Thankful Thursday XVII – Friends…Part I

This Thankful Thursday I’m thankful for something my sweetie was thankful for on Thursdays in years gone by – Friends. That is of the TV variety. It occurred to me as we watched the much ballyhooed “reunion” a few nights back how much it, and similar shows, meant to so many people.

Friends was, of course in case you’ve lived under a rock for a few decades, the NBC sitcom about six twenty-something friends, making their way in life. It made Jennifer Aniston into one of the most familiar faces in the world and her character, briefly, the most famous haircut. It made the other five then-unknowns into famous stars as well, David Schwimmer, Lisa Kudrow, Courteney Cox (who at the time was mostly recognized for being a teen dancing with Bruce Springsteen in a video a decade prior), Matthew Perry and Matt Leblanc. All six have gone on to have moderately successful acting careers since, but all six are equally still universally best known as their characters from the sitcom.

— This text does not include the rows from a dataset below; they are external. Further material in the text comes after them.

(* The set of all $Z$-reguli of $\mathcal G$ is a single orbit under the natural action of the group $\operatorname{Aut}_K(V)$ of $K$-linear automorphisms of $V$. Moreover, given any three mutually distant elements of $\mathcal G$, there is a unique $Z$-regulus containing them.
   Context: $K$ is a (not necessarily commutative) field with centre $Z$, and $V$ is a left vector space over $K$ of arbitrary (possibly infinite) dimension with $\dim V>2$. $\mathcal G:=\{X\le V\mid X\cong V/X\}$, assumed nonempty. Points are $1$-dimensional and lines $2$-dimensional subspaces; two subspaces meet if they have a common point. $X,Y\in\mathcal G$ are distant if $V=X\oplus Y$. A $Z$-regulus is a subset $\mathcal R\subseteq\mathcal G$ such that (R1) its elements are mutually distant and $|\mathcal R|\ge3$; (R2) if a line meets three mutually distinct elements of $\mathcal R$ then it meets all elements of $\mathcal R$; (R3) $\mathcal R$ is not properly contained in any subset of $\mathcal G$ satisfying (R1) and (R2). *)

theory Defs
  imports Main
begin
lemma max_degree_ge_2:
  assumes "simple_graph V E" "E u v" "even (max_degree V E)"
  shows "2 \<le> max_degree V E"
proof -
  have "{w. E u w} \<subseteq> V" "finite V" using assms(1) unfolding simple_graph_def by auto
  then have "finite {w. E u w}" by (rule finite_subset)
  then have "0 < deg E u" unfolding deg_def using assms(2) by (auto simp: card_gt_0_iff)
  moreover have "u \<in> V" using assms(1,2) unfolding simple_graph_def by blast
  ultimately have "0 < max_degree V E" using deg_le_max_degree[OF assms(1)] by fastforce
  then show ?thesis using assms(3) by (auto elim!: evenE)
qed

lemma port_of_edge:
  assumes "port_numbering V E port" "v \<in> V" "E v u"
  shows "port_of E port v u \<in> {1..deg E v}" and "port v (port_of E port v u) = u"
proof -
  have bij: "bij_betw (port v) {1..deg E v} {u. E v u}"
    using assms(1,2) unfolding port_numbering_def by blast
  then have "u \<in> port v ` {1..deg E v}" using assms(3) by (simp add: bij_betw_imp_surj_on)
  then obtain p where p: "p \<in> {1..deg E v}" "port v p = u" by blast
  have "port_of E port v u = p"
    unfolding port_of_def
  proof (rule the_equality)
    show "p \<in> {1..deg E v} \<and> port v p = u" using p by simp
  next
    fix q assume "q \<in> {1..deg E v} \<and> port v q = u"
    then show "q = p" using p bij by (auto simp: bij_betw_def dest: inj_onD)
  qed
  then show "port_of E port v u \<in> {1..deg E v}" "port v (port_of E port v u) = u"
    using p by simp_all
qed

lemma nth_in_set_butlast: "Suc i < length xs \<Longrightarrow> xs ! i \<in> set (butlast xs)"
  using nth_mem[of i "butlast xs"] by (simp add: nth_butlast)
(* Every ice fork with exactly two frozen vertices is a brog quiver.
   Context: A quiver is a finite directed multigraph with no loops and no oriented 2-cycles, whose vertex set is partitioned into mutable and frozen vertices; arrows between two frozen vertices are ignored. $b_{ik}$ = number of arrows $i\to k$ minus number of arrows $k\to i$; mutable vertices are labelled $[n]$; $Q|_S$ is the induced subquiver on $S$. Abundant: at least 2 arrows between every pair of vertices at least one of which is mutable. $F^+(r)=\{i: r\to i\}$, $F^-(r)=\{j:j\to r\}$. A fork is an abundant non-acyclic quiver with at most one frozen vertex and a vertex $r$ (point of return) such that $b_{ij}>b_{ri}$ and $b_{ij}>b_{jr}$ for all $i\in F^+(r),j\in F^-(r)$, and the subquivers induced on $F^+(r)$ and $F^-(r)$ are acyclic. An ice fork with point of return $r$ is a quiver with mutable vertices $[n]$ and frozen vertices $u_1,\dots,u_m$ ($m\ge1$) such that each $Q|_{[n]\cup\{u_i\}}$ is a fork with point of return $r$. A mutable vertex adjacent to at least one frozen vertex is red (resp. green) if all arrows between it and frozen vertices point towards (resp. away from) it. Two mutable vertices $i,j$ are complementary if for every frozen vertex $u$ with $b_{iu}\ne0$ and $b_{ju}\ne0$, $b_{iu}$ and $b_{ju}$ have opposite signs. A quiver is brog if its mutable vertices can be coloured blue, red, orange and green such that: (1) the vertices coloured red are exactly the red vertices; (2) the vertices coloured green are exactly the green vertices; (3) each blue vertex $i$ has $b_{ij}\ge0$ for every red $j$ and $b_{ij}\le0$ for every green $j$; (4) each orange vertex $i$ has $b_{ij}\ge0$ for every green $j$ and $b_{ij}\le0$ for every red $j$; (5) every blue vertex and every orange vertex are complementary. *)

theory Defs
  imports Main
begin
(* Let $q$ be a prime power. Let $\mathcal{D}_1,\dots,\mathcal{D}_m$ be subsets of $R_{\mathrm{homog}}$, where each $\mathcal{D}_j$ is one of $\mathcal{T}_{L_j,P_j}$ (with $P_j$ a closed point of $\mathbb{P}^2$ and $L_j$ an $\mathbb{F}_q$-line through $P_j$), $\mathcal{S}_{Q_j}$, $\mathcal{A}_0(Q_j)$, $\mathcal{A}_{L_j}(Q_j)$ (with $Q_j\in\mathbb{P}^2(\mathbb{F}_q)$ and $L_j$ an $\mathbb{F}_q$-line through $Q_j$), or the complement in $R_{\mathrm{homog}}$ of one of these. If the points $P_j$ and $Q_j$ appearing are all distinct, then for all sufficiently large $d$, \[ \mu_d\Big(\bigcap_{j=1}^m\mathcal{D}_j\Big)=\prod_{j=1}^m\mu_d(\mathcal{D}_j). \]
   Context: Let $R=\mathbb{F}_q[x,y,z]$, $R_d$ the homogeneous polynomials of degree $d$ (including $0$), $R_{\mathrm{homog}}=\bigcup_{d\ge1}R_d$, $\mu_d(\mathcal{A})=\#(\mathcal{A}\cap R_d)/\#R_d$. For an $\mathbb{F}_q$-point $Q$, $\mathcal{S}_Q$ is the set of $f\in R_{\mathrm{homog}}$ with $\{f=0\}$ singular at $Q$. For an $\mathbb{F}_q$-line $L$ and a closed point $P\in L$, $\mathcal{T}_{L,P}$ is the set of $f\in R_{\mathrm{homog}}$ whose restriction to $L$ vanishes to order at least $2$ at $P$ ("tangent to $L$ at $P$", including the singular case). For an $\mathbb{F}_q$-point $Q$, $\mathcal{A}_0(Q)=R_{\mathrm{homog}}\setminus\bigcup_{L}\mathcal{T}_{L,Q}$, the union over all $q+1$ $\mathbb{F}_q$-lines $L$ through $Q$, and for an $\mathbb{F}_q$-line $L\ni Q$, $\mathcal{A}_L(Q)=\mathcal{T}_{L,Q}\setminus\mathcal{S}_Q$. *)

theory Defs
  imports "HOL-Computational_Algebra.Polynomial"
begin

The show ran from 1994-2004, 236 episodes in all. It was a time period when I was about the age of the characters in the show, and didn’t watch all that much TV outside of baseball games and perhaps The Simpsons... I was too busy working or hanging out with my own friends to a large degree. Or listening to music; it was a passion and radio was cheaper than cable TV! But I would watch Friends from time to time and quite enjoy it, and of course, needed to see it at times because it was all my co-workers would be talking about around the “water cooler” on Friday morning. What about Rachel’s new hairdo? Is Chandler ever gonna dump that Janis? Were they on a break!?

My sweetie, whom I didn’t know back then, watched it routinely and tells of how she’d tell her own friends and family not to call her Thursday evening between 7 and 7:30 (the Central time zone slot it ran in, strange to me coming from the East where 8PM kicks off primetime) because she was busy with those six “friends.” It was her only “must see” TV.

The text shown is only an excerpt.